Collected data.

____

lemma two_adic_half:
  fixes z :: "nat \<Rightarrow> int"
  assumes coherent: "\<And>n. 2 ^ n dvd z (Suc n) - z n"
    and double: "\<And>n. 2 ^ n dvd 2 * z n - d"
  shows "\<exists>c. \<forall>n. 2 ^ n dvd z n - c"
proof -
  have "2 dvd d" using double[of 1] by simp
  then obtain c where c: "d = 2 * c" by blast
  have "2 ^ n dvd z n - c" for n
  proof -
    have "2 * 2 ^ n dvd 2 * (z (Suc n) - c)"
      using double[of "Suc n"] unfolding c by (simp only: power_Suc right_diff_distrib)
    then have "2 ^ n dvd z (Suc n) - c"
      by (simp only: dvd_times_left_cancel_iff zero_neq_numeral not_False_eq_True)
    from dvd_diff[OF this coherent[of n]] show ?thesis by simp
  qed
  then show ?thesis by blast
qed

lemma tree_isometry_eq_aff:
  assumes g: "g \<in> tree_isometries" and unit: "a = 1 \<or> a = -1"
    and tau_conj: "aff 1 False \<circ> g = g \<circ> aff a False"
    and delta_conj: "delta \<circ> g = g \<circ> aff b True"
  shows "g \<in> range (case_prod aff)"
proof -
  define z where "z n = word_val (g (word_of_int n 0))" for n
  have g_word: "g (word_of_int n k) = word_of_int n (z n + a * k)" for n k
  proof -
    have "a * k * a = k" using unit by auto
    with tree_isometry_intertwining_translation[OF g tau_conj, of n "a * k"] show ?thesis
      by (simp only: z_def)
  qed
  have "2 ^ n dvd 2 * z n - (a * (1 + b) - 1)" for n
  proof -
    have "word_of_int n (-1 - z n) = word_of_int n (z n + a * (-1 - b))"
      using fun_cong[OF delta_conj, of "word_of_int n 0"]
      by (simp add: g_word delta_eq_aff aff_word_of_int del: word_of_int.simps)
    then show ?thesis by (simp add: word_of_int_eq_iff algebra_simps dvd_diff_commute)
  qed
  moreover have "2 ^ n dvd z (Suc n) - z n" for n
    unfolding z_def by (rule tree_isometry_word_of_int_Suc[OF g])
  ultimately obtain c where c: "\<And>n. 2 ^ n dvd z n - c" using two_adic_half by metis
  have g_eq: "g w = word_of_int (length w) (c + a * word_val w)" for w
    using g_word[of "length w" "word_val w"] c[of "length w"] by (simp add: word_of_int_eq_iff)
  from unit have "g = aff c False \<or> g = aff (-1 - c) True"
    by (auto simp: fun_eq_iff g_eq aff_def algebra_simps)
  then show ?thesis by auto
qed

____

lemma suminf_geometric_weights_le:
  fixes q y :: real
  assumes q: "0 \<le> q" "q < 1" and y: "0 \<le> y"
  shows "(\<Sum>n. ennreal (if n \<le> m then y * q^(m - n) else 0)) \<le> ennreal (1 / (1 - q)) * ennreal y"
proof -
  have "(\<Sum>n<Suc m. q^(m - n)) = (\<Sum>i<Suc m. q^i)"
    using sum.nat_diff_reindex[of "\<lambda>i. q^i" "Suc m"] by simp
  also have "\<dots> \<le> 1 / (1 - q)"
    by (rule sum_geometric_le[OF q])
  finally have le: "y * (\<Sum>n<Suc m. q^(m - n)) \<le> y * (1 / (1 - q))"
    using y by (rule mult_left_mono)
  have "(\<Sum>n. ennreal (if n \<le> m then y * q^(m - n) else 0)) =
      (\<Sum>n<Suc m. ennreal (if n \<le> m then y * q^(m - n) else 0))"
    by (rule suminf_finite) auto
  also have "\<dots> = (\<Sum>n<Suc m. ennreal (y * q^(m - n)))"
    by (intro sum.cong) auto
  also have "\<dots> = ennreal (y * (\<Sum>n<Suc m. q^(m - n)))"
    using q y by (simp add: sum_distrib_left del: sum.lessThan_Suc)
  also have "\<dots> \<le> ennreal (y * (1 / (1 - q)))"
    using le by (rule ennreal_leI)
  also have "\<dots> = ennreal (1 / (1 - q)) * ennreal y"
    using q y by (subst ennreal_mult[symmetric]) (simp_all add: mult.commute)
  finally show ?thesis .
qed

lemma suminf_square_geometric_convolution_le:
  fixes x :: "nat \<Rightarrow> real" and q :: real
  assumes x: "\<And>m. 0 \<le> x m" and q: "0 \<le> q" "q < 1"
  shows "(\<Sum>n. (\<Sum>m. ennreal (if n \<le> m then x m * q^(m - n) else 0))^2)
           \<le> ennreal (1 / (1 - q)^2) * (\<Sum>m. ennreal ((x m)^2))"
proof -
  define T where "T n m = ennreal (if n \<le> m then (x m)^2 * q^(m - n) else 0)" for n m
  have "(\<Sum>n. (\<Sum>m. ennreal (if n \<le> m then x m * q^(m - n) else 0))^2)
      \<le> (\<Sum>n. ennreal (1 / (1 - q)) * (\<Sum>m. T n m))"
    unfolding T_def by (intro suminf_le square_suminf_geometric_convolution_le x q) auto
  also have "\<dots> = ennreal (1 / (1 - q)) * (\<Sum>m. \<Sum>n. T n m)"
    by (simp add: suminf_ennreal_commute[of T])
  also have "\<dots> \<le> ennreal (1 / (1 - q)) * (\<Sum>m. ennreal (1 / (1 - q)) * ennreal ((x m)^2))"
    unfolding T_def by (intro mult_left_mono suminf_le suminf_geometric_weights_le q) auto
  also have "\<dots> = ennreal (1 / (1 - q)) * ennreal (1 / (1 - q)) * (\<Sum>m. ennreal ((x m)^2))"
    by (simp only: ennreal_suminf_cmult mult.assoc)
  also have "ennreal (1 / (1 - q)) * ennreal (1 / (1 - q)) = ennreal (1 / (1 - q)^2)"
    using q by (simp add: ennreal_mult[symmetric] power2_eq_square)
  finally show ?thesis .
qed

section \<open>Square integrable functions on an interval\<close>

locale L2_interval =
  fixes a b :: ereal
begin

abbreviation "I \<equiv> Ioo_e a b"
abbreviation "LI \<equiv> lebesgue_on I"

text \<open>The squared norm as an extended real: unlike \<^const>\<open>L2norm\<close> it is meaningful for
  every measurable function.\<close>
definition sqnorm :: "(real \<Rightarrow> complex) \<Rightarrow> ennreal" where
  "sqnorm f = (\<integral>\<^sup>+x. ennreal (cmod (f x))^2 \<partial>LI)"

____

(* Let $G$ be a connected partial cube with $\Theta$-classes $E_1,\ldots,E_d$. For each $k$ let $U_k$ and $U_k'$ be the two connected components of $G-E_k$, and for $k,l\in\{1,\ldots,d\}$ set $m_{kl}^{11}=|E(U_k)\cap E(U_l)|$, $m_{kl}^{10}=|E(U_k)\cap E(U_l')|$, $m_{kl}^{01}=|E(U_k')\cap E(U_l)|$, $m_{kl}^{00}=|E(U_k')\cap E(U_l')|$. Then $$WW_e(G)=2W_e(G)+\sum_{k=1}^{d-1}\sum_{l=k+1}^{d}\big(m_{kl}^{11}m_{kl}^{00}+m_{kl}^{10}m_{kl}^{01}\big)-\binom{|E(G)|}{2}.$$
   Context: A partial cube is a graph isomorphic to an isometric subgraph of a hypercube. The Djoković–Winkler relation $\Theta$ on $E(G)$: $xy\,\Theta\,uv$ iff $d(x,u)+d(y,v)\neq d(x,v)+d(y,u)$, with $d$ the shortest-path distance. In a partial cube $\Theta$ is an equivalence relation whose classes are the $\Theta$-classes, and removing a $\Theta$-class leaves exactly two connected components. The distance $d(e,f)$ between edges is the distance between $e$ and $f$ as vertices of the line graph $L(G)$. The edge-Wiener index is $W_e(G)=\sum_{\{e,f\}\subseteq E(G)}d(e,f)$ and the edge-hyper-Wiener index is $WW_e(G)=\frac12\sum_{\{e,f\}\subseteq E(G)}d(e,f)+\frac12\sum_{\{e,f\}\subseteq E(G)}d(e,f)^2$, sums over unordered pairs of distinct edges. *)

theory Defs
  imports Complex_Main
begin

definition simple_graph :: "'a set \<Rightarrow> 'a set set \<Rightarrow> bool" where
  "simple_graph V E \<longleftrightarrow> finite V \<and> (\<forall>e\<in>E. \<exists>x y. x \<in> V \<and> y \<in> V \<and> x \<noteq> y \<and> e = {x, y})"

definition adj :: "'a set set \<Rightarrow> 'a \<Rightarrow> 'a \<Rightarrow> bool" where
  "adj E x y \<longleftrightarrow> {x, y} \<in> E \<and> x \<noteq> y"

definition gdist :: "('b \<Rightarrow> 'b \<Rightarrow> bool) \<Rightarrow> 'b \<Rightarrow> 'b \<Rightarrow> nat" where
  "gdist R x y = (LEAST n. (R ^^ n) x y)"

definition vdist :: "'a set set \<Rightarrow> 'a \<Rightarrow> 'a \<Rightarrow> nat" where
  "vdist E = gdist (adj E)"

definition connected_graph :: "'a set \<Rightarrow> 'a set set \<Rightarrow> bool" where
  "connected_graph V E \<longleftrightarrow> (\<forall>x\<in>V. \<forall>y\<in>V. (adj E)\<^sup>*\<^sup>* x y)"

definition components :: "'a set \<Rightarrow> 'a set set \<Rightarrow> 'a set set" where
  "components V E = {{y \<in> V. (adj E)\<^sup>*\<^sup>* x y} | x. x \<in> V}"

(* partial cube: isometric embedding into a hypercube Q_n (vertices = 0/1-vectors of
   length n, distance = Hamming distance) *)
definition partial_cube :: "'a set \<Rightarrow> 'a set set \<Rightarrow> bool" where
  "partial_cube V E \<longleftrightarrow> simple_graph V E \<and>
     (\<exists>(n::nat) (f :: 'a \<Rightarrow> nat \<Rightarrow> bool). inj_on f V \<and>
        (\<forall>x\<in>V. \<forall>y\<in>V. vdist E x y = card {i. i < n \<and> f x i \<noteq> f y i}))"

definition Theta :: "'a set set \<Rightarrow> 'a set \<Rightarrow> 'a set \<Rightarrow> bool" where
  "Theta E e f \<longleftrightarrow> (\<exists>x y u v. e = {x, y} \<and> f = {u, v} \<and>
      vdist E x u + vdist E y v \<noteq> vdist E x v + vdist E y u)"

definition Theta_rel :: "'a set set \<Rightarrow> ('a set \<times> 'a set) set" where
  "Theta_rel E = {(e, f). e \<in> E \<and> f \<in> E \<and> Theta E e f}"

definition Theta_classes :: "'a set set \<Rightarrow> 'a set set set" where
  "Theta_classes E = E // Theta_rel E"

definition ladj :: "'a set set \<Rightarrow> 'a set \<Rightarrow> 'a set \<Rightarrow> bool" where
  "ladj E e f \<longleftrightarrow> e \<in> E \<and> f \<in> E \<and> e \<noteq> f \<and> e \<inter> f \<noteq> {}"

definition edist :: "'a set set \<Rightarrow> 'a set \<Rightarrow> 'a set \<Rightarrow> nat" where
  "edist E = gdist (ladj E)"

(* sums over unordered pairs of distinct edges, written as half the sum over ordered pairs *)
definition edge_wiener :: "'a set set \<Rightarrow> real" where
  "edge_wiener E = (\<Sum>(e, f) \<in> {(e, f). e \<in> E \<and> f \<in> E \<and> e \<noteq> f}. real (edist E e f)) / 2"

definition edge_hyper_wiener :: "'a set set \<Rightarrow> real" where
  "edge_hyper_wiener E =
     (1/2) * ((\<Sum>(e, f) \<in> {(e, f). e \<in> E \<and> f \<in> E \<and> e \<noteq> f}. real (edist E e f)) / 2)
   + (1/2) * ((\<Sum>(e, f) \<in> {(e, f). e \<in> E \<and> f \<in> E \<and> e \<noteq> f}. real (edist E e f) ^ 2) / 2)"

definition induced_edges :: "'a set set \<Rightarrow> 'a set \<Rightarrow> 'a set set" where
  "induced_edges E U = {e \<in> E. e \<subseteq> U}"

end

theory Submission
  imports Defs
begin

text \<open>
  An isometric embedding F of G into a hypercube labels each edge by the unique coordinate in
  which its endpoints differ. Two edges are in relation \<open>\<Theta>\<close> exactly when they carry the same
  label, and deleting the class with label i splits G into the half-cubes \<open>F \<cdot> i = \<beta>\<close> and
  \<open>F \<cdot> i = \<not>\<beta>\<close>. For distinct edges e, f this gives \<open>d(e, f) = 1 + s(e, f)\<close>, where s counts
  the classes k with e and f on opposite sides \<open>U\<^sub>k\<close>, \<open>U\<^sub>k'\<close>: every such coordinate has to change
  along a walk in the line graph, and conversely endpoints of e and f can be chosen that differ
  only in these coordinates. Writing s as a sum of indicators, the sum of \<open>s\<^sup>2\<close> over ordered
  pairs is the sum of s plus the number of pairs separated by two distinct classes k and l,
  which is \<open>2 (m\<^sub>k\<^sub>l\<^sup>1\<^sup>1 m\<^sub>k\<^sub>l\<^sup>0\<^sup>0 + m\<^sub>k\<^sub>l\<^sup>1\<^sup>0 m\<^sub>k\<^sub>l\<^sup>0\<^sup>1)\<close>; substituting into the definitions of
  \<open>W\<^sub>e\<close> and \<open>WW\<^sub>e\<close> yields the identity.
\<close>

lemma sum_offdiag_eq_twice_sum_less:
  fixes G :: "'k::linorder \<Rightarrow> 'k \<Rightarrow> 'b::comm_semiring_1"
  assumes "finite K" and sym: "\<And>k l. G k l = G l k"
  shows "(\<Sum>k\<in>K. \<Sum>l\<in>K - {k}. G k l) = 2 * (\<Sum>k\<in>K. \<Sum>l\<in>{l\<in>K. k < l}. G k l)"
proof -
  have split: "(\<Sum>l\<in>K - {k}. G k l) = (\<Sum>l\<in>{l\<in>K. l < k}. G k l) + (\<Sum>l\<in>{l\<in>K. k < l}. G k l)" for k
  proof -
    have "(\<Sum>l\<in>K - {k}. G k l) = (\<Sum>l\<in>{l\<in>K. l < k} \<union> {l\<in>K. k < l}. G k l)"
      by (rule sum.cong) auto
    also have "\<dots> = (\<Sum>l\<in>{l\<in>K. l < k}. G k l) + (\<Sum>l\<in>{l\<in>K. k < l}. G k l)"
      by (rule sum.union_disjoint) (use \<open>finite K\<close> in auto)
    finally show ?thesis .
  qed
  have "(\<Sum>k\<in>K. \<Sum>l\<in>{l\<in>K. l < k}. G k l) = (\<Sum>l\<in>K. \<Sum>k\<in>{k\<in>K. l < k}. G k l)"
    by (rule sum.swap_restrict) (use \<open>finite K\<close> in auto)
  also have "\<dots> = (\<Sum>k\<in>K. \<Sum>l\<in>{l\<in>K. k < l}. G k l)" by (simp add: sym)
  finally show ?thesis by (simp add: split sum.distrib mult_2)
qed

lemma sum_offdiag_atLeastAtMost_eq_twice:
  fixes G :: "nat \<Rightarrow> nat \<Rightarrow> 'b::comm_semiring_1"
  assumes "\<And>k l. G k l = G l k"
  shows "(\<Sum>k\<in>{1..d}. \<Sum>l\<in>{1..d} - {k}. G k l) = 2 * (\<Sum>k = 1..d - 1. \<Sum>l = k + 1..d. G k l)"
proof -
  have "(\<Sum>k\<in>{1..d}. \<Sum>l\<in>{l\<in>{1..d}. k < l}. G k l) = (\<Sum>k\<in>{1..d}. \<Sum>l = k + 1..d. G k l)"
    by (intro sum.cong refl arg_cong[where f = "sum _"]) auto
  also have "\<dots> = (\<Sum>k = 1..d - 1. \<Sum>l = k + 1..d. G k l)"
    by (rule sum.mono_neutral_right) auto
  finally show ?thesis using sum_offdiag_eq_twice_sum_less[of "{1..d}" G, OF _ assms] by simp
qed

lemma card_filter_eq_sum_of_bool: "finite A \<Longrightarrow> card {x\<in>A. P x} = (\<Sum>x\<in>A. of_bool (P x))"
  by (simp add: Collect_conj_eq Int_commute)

____

WORK TO COMPLETE.
Retype the records above, but only those lines that fall between the line containing "by (rule sum_geometric_le[OF q])" and the line containing "by (intro sum.cong) auto", with both of those lines included, exactly as written.

EXERCISE RESPONSE.
    by (rule sum_geometric_le[OF q])
  finally have le: "y * (\<Sum>n<Suc m. q^(m - n)) \<le> y * (1 / (1 - q))"
    using y by (rule mult_left_mono)
  have "(\<Sum>n. ennreal (if n \<le> m then y * q^(m - n) else 0)) =
      (\<Sum>n<Suc m. ennreal (if n \<le> m then y * q^(m - n) else 0))"
    by (rule suminf_finite) auto
  also have "\<dots> = (\<Sum>n<Suc m. ennreal (y * q^(m - n)))"
    by (intro sum.cong) auto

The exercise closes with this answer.